Task item → Work through the data below and state how many lines contain "definition", giving that number alone.

Dataset entries →
┌──
lemma staircase_snoc_le:
  assumes "staircase k x" "v \<le> last x"
  shows "staircase k (x @ [v])"
  using assms staircase_last_le[OF assms(1)]
  by (auto simp: staircase_def asc_snoc[OF staircase_nonempty[OF assms(1)]]
      asc_pairs_snoc closers_0120_snoc)

lemma staircase_snoc_Suc:
  assumes "staircase k x"
  shows "staircase (Suc k) (x @ [Suc k])"
  using assms staircase_last_le[OF assms(1)]
  by (auto simp: staircase_def asc_snoc[OF staircase_nonempty[OF assms(1)]]
      asc_pairs_snoc closers_0120_snoc atLeast0_atMost_Suc)

lemma staircase_closers_0101_snoc:
  "staircase k x \<Longrightarrow> closers_0101 (x @ [v]) = closers_0101 x \<union> {v<..k}"
  by (auto simp: staircase_def closers_0101_snoc)

lemma staircase_doubled_tops_snoc:
  "staircase k x \<Longrightarrow> doubled_tops (x @ [v]) = doubled_tops x \<union> {v} \<inter> {1..k}"
  by (auto simp: staircase_def doubled_tops_snoc) (rule exI[of _ 0], simp)

lemma staircase_avoider_snoc:
  assumes "staircase k x"
  shows "avoider (x @ [v]) \<longleftrightarrow> avoider x \<and> k \<le> Suc v \<and> v \<le> Suc k \<and>
    v \<notin> closers_0101 x \<and> (\<forall>c\<in>doubled_tops x. v \<le> c)"
  using assms by (auto simp: avoider_snoc[OF staircase_nonempty[OF assms]] staircase_def)

text \<open>The avoiders in each state, where \<open>u\<^sup>+\<close> is a nonempty run of \<open>u\<close> and \<open>k\<close> is the
  largest letter: \<open>Zeros\<close> \<open>0\<^sup>+\<close>; \<open>Rise k\<close> \<open>0\<^sup>+ 1 2 \<dots> k\<close>; \<open>Dip\<close> \<open>0\<^sup>+ 1 0\<^sup>+\<close>;
  \<open>DipRise k\<close> \<open>0\<^sup>+ 1 0\<^sup>+ 2 \<dots> k\<close>; \<open>Plateau k\<close> and \<open>DipPlateau k\<close> a \<open>Rise k\<close> or
  \<open>DipRise k\<close> word followed by \<open>k\<^sup>+\<close>; \<open>Fall k\<close> a \<open>Rise k\<close> word with \<open>k \<ge> 2\<close>, a
  \<open>Plateau k\<close> word, or a \<open>DipRise k\<close> or \<open>DipPlateau k\<close> word with \<open>k \<ge> 3\<close>, followed by
  \<open>(k - 1)\<^sup>+\<close>.\<close>

datatype shape = Zeros | Rise | Plateau | Fall | Dip | DipRise | DipPlateau
text \<open>
  Signed permutations of the coordinates are automorphisms of \<open>G\<close>, and every vertex is an
  image \<open>g P\<close> of a point \<open>P\<close> of the chamber \<open>V \<inter> U\<close> (where \<open>x > y > z \<ge> 0\<close>).
  The potential \<open>height2 (x,y,z) = 2x + y + \<epsilon>\<close>, with \<open>\<epsilon> \<in> {-1,0,1}\<close> depending on the residues
  mod 4, grows by at most 2 along an edge; this bounds \<open>dis (g P)\<close> from below by
  \<open>height2 P / 2 + sp_offset g\<close>. Conversely, from every chamber point other than \<open>(2,1,0)\<close> an
  edge inside the chamber lowers \<open>height2\<close> by 2, and the images of \<open>(2,1,0)\<close> are joined to
  \<open>O\<close> by explicit shortest paths, so the bound is attained.
  Counting the vertices of height \<open>n\<close> orbit by orbit therefore expresses \<open>S\<close> and \<open>Sbar\<close> through
  shifts of \<open>S2\<close> and \<open>Sbar1\<close> by the offsets. The \<open>Sbar1\<close> terms arise because chamber points
  with \<open>z = 0\<close> are fixed by the sign change of \<open>z\<close>.
\<close>

lemma sum_group_by_shift:
  fixes F :: "int \<Rightarrow> real"
  assumes "finite G"
  shows "(\<Sum>g\<in>G. w g * F (n - h g)) = (\<Sum>j\<in>uminus ` h ` G. (\<Sum>g\<in>{g\<in>G. - h g = j}. w g) * F (n + j))"
proof -
  have "(\<Sum>g\<in>G. w g * F (n - h g)) = (\<Sum>j\<in>(\<lambda>g. - h g) ` G. \<Sum>g\<in>{g\<in>G. - h g = j}. w g * F (n - h g))"
    using assms by (rule sum.image_gen)
  also have "\<dots> = (\<Sum>j\<in>(\<lambda>g. - h g) ` G. (\<Sum>g\<in>{g\<in>G. - h g = j}. w g) * F (n + j))"
    by (intro sum.cong refl) (auto simp: sum_distrib_right)
  finally show ?thesis by (simp add: image_image)
qed

section \<open>Edges and residues mod 4\<close>

definition edge_vectors :: "pt set" where
  "edge_vectors = {(1,1,0),(1,-1,0),(-1,1,0),(-1,-1,0),(1,0,1),(1,0,-1),(-1,0,1),(-1,0,-1),
                   (0,1,1),(0,1,-1),(0,-1,1),(0,-1,-1)}"

lemma sum_squares_eq_2_iff: "a\<^sup>2 + b\<^sup>2 + c\<^sup>2 = (2::int) \<longleftrightarrow> (a,b,c) \<in> edge_vectors"
proof
  assume sq: "a\<^sup>2 + b\<^sup>2 + c\<^sup>2 = 2"
  have unit: "t \<in> {-1,0,1}" if "t\<^sup>2 \<le> (2::int)" for t
  proof -
    have "\<bar>t\<bar> < 2"
      using that power_mono[of 2 "\<bar>t\<bar>" 2] by (cases "\<bar>t\<bar> < 2") auto
    then show ?thesis by auto
  qed
  have "a \<in> {-1,0,1}" "b \<in> {-1,0,1}" "c \<in> {-1,0,1}"
    using sq zero_le_power2[of a] zero_le_power2[of b] zero_le_power2[of c] by (intro unit; linarith)+
  then show "(a,b,c) \<in> edge_vectors" using sq unfolding edge_vectors_def by (elim insertE emptyE) simp_all
qed (simp add: edge_vectors_def; elim disjE; simp)

lemma sod_adj_iff:
  "sod_adj (x,y,z) Q \<longleftrightarrow> (x,y,z) \<in> sodV \<and> Q \<in> sodV \<and> (\<exists>(a,b,c)\<in>edge_vectors. Q = (x+a,y+b,z+c))"
proof (cases Q)
  case (fields x' y' z')
  have "(x-x')\<^sup>2 + (y-y')\<^sup>2 + (z-z')\<^sup>2 = 2 \<longleftrightarrow> (x'-x, y'-y, z'-z) \<in> edge_vectors"
    unfolding sum_squares_eq_2_iff[symmetric] by (simp add: power2_commute)
  moreover have "(x'-x, y'-y, z'-z) \<in> edge_vectors \<longleftrightarrow> (\<exists>(a,b,c)\<in>edge_vectors. Q = (x+a,y+b,z+c))"
    unfolding fields by force
  ultimately show ?thesis
    unfolding fields sod_adj_def by simp
qed

lemma sod_adj_sym: "sod_adj P Q \<Longrightarrow> sod_adj Q P"
  unfolding sod_adj_def by (auto split: prod.splits simp: power2_commute)

lemma sodV_mod4: "(x,y,z) \<in> sodV \<longleftrightarrow> (x mod 4, y mod 4, z mod 4) \<in> sodV"
  unfolding sodV_def by (simp add: dvd_eq_mod_eq_0 mod_add_eq mod_diff_eq)

definition residue_classes :: "pt set" where
  "residue_classes = {(0,1,2),(0,2,1),(0,2,3),(0,3,2),(1,0,2),(1,2,0),
                      (2,0,1),(2,0,3),(2,1,0),(2,3,0),(3,0,2),(3,2,0)}"

lemma mod4_cases: "(x::int) mod 4 = 0 \<or> x mod 4 = 1 \<or> x mod 4 = 2 \<or> x mod 4 = 3"
  by arith

lemma sodV_residue_classes: "(x,y,z) \<in> sodV \<Longrightarrow> (x mod 4, y mod 4, z mod 4) \<in> residue_classes"
  using mod4_cases[of x] mod4_cases[of y] mod4_cases[of z]
  by (subst (asm) sodV_mod4) (elim disjE; simp add: residue_classes_def sodV_def)

lemma sodV_shift_iff:
  "(x+a, y+b, z+c) \<in> sodV \<longleftrightarrow> ((x mod 4 + a) mod 4, (y mod 4 + b) mod 4, (z mod 4 + c) mod 4) \<in> sodV"
  by (subst sodV_mod4) (simp add: mod_add_left_eq)

section \<open>The height potential\<close>

definition height_corr :: "int \<Rightarrow> int \<Rightarrow> int" where
  "height_corr x y = (if even y then 0 else if (y - x) mod 4 = 1 then -1 else 1)"

fun height2 :: "pt \<Rightarrow> int" where
  "height2 (x,y,z) = 2*x + y + height_corr x y"

lemma height_corr_mod4: "height_corr x y = height_corr (x mod 4) (y mod 4)"
proof -
  have "even y \<longleftrightarrow> even (y mod 4)" by (metis dvd_mod_iff even_numeral)
  then show ?thesis unfolding height_corr_def by (simp add: mod_diff_eq)
qed

lemma height2_shift:
  "height2 (x+a, y+b, z+c) = height2 (x,y,z) + 2*a + b
     + height_corr ((x mod 4 + a) mod 4) ((y mod 4 + b) mod 4) - height_corr (x mod 4) (y mod 4)"
  by (simp add: height_corr_mod4[of "x+a"] height_corr_mod4[of x] mod_add_left_eq)

lemma height2_even: "even (height2 P)"
  by (cases P) (auto simp: height_corr_def)

lemma height2_adj_le: assumes "sod_adj P Q" shows "height2 Q \<le> height2 P + 2"
proof -
  \<comment> \<open>the increment depends only on the residues mod 4 and the edge vector\<close>
  have table: "\<forall>(r,s,t)\<in>residue_classes. \<forall>(a,b,c)\<in>edge_vectors.
      ((r + a) mod 4, (s + b) mod 4, (t + c) mod 4) \<in> sodV \<longrightarrow>
      2*a + b + height_corr ((r + a) mod 4) ((s + b) mod 4) - height_corr r s \<le> 2"
    unfolding residue_classes_def edge_vectors_def by (simp add: sodV_def height_corr_def)
  obtain x y z where P: "P = (x,y,z)" by (cases P)
  then obtain a b c where d: "(a,b,c) \<in> edge_vectors" and Q: "Q = (x+a,y+b,z+c)"
    and V: "(x,y,z) \<in> sodV" "(x+a,y+b,z+c) \<in> sodV"
    using assms sod_adj_iff by auto
  show ?thesis
    using table sodV_residue_classes[OF V(1)] d V(2) unfolding P Q height2_shift sodV_shift_iff by fastforce
qed

section \<open>The chamber\<close>

abbreviation chamber :: "pt set" where
  "chamber \<equiv> sodV \<inter> sodU"

lemma sodV_abs_distinct:
  assumes "(x,y,z) \<in> sodV" shows "\<bar>x\<bar> \<noteq> \<bar>y\<bar>" "\<bar>y\<bar> \<noteq> \<bar>z\<bar>" "\<bar>x\<bar> \<noteq> \<bar>z\<bar>"
  using assms unfolding sodV_def by (auto simp: abs_eq_iff)

lemma chamber_strict: assumes "(x,y,z) \<in> chamber" shows "y < x" "z < y" "0 \<le> z"
  using assms sodV_abs_distinct[of x y z] unfolding sodU_def by auto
└──
Output of the task → 3